Авдотья стоит на крыльцо и натравливает на меня щенка. Мне становится смешно, и озорная мысль приходит мне.
— Слушай, Трезор, — зову я щенка. — Поди сюда.
Чмокаю губами. Щенок подбегает.
— И не стыдно тебе?.. Айда ко мне!
Глажу его, и он, виляя хвостиком, бежит за мной. Дома я кормлю щенка молоком, щекочу ему брюшко. Он блаженно растягивается и засыпает подле моей кровати.
— И зачем эту нечисть привели? — ворчит Ариша. — Что толку в ней?
— Пусть дом караулит.
— От кого? Воры-то давным-давно перевелись.
Вечерний прием ведет Погрызова. Захожу к ней. Спрашиваю прямо:
— Ольга Никандровна, вы продавали Окоемовой медикаменты?
Погрызова вздрагивает.
— Я… А почему я не могу продавать?
— Она ведь знахарка и покупала, конечно, не для себя.
Погрызова уже успела оправиться от неожиданности.
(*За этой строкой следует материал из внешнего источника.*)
(* Let $(T,E)$ be the $3$-regular tree, $x\in T$ and $y$ a neighbor of $x$. Define functions $u_t:\mathbb Z\to\mathbb Z$ for $t\ge 0$ recursively: $u_0[0]=u_0[-1]=1$ and $u_0[s]=0$ for all other $s$; given $u_t$, first define $u_{t+1}[s]$ for odd $s$ by $$u_{t+1}[s]=\begin{cases}2u_t[s-1]-u_t[s]+u_t[s+1] & s<0,\\ u_t[s-1]-u_t[s]+2u_t[s+1] & s>0,\end{cases}$$ and then for even $s$ by $$u_{t+1}[s]=\begin{cases}2u_{t+1}[s-1]-u_t[s]+u_{t+1}[s+1] & s<0,\\ u_{t+1}[s-1]-u_t[s]+2u_{t+1}[s+1] & s\ge 0.\end{cases}$$ Then for every $t\ge 0$: for $s\ge 0$, $u_t[s]=r_{2t}(x,y)_z$ for every $z\in T_s(x,y)$, and for $s\le -1$, $u_t[s]=r_{2t}(x,y)_z$ for every $z\in T'_{-s}(x,y)$; moreover $$f_{4t-1}=\sum_{s\ge 1,\ s\text{ odd}}2^s u_t[s]+\sum_{s\ge 1,\ s \text{ odd}}2^{s-1}u_t[-s],\qquad f_{4t+1}=\sum_{s\ge 0,\ s\text{ even}}2^s u_t[s]+\sum_{s\ge 2,\ s\text{ even}}2^{s-1}u_t[-s].$$
   Context: $(f_i)_{i\in\mathbb Z}$ are the Fibonacci numbers with $f_0=0$, $f_1=1$, $f_{i+1}=f_i+f_{i-1}$ for all $i\in\mathbb Z$. $(T,E)$ is the $3$-regular tree with graph distance $d$. $K_0(T)$ is the free abelian group with basis $\{s(z):z\in T\}$, elements written $a=\sum_z a_z s(z)$. For $v\in T$ the reflection $\sigma^v$ on $K_0(T)$ is $(\sigma^v a)_z=a_z$ for $z\ne v$, $(\sigma^v a)_v=-a_v+\sum_{\{w,v\}\in E}a_w$. $\Sigma^x$ is the composition of all $\sigma^v$ with $d(x,v)$ even and $\underline\Sigma^x$ the composition of all $\sigma^v$ with $d(x,v)$ odd. For neighbors $x,y$: $r_0(x,y)=s(x)+s(y)$, and $r_{t+1}(x,y)=\underline\Sigma^x r_t(x,y)$ for $t$ even, $r_{t+1}(x,y)=\Sigma^x r_t(x,y)$ for $t$ odd. $T_s(x,y)$ is the set of vertices $z$ with $d(x,z)=s$ such that the path from $x$ to $z$ does not pass through $y$; $T'_s(x,y)$ is the set of vertices $z$ with $d(x,z)=s$ whose path from $x$ passes through $y$. *)

theory Defs
  imports Main "HOL-Library.Groups_Big_Fun"
begin

function fibz :: "int \<Rightarrow> int" where
  "fibz n = (if n = 0 then 0 else if n = 1 then 1
             else if n > 1 then fibz (n - 1) + fibz (n - 2)
             else fibz (n + 2) - fibz (n + 1))"
  by auto
termination
  by (relation "measure (\<lambda>n. if n \<ge> 0 then nat (2 * n) else nat (1 - 2 * n))") auto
— Вот новости! — фыркает она. — Кто это успел вам насплетничать? — Кидает подозрительный взгляд на Леночку.
— Никто не сплетничал. Я сам сейчас от Окоемовой.
— Так я не понимаю, в чем дело, — оправдывается Погрызова. — Окоемова болела. Ее преклонный возраст…
— А карточка на нее заведена?
— Странно, откуда такое недоверие. Я пятый год работаю. Мне всегда доверяли. Были врачи и постарше вас…
Ей хочется, чтобы мне стало неловко и стыдно: как же — обидел человека, который старше меня. Мне и правда стыдно, но не за себя, за нее: просмотрел всю картотеку два раза, карточки Окоемовой в ней нет.
Погрызова накидывается на Леночку:
— Ты брала карточку Окоемовой? Никогда на место не кладешь.
— Нет, кажется. Не помню…
Леночка смотрит затравленными глазами. Должно быть, до меня Погрызова ей и пикнуть не давала.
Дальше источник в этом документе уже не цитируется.